[[ Given records open ]]

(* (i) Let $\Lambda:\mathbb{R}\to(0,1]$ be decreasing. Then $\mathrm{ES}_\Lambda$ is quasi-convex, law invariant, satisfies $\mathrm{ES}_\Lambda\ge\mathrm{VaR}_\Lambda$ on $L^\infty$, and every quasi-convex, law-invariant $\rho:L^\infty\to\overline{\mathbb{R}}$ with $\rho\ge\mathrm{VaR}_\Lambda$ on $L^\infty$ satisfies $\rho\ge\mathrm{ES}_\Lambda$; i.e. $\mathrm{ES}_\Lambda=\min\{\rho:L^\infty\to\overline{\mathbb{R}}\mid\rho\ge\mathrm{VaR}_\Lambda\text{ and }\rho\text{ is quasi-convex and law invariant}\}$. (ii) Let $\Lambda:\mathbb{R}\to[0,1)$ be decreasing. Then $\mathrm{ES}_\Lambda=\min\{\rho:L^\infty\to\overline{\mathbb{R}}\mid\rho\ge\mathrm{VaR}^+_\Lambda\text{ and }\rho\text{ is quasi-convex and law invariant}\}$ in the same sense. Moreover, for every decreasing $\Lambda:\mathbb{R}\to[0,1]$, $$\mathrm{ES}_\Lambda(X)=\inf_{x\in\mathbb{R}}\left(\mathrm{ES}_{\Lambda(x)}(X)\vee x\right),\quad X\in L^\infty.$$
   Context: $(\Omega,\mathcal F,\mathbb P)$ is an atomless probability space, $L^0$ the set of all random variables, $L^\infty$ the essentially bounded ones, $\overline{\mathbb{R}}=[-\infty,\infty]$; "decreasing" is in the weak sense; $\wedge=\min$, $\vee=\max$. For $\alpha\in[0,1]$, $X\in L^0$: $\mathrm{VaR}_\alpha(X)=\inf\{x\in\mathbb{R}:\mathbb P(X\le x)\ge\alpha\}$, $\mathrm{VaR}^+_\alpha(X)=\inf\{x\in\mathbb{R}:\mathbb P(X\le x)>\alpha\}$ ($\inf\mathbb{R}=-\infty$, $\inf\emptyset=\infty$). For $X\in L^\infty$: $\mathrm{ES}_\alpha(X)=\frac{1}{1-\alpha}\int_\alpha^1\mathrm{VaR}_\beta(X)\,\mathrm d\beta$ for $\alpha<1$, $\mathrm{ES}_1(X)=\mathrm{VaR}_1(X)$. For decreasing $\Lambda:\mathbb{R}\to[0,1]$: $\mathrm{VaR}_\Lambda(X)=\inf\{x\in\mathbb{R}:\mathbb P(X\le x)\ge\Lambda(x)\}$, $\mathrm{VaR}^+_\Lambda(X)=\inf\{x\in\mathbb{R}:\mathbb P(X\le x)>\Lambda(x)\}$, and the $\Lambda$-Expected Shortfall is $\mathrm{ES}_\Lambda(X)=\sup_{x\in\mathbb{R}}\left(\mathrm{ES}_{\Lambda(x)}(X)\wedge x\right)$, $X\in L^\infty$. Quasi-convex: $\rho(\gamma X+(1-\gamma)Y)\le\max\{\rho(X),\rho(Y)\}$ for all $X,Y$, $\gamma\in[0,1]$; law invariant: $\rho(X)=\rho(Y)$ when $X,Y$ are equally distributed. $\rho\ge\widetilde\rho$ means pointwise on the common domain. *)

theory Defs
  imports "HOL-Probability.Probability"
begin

[[ Given records closed ]]

- [What this task involves] In the records above, locate the line that contains "theory Defs". Repeat it and every line after it, exactly, and nothing else.

- [Output of the exercise]
theory Defs
  imports "HOL-Probability.Probability"
begin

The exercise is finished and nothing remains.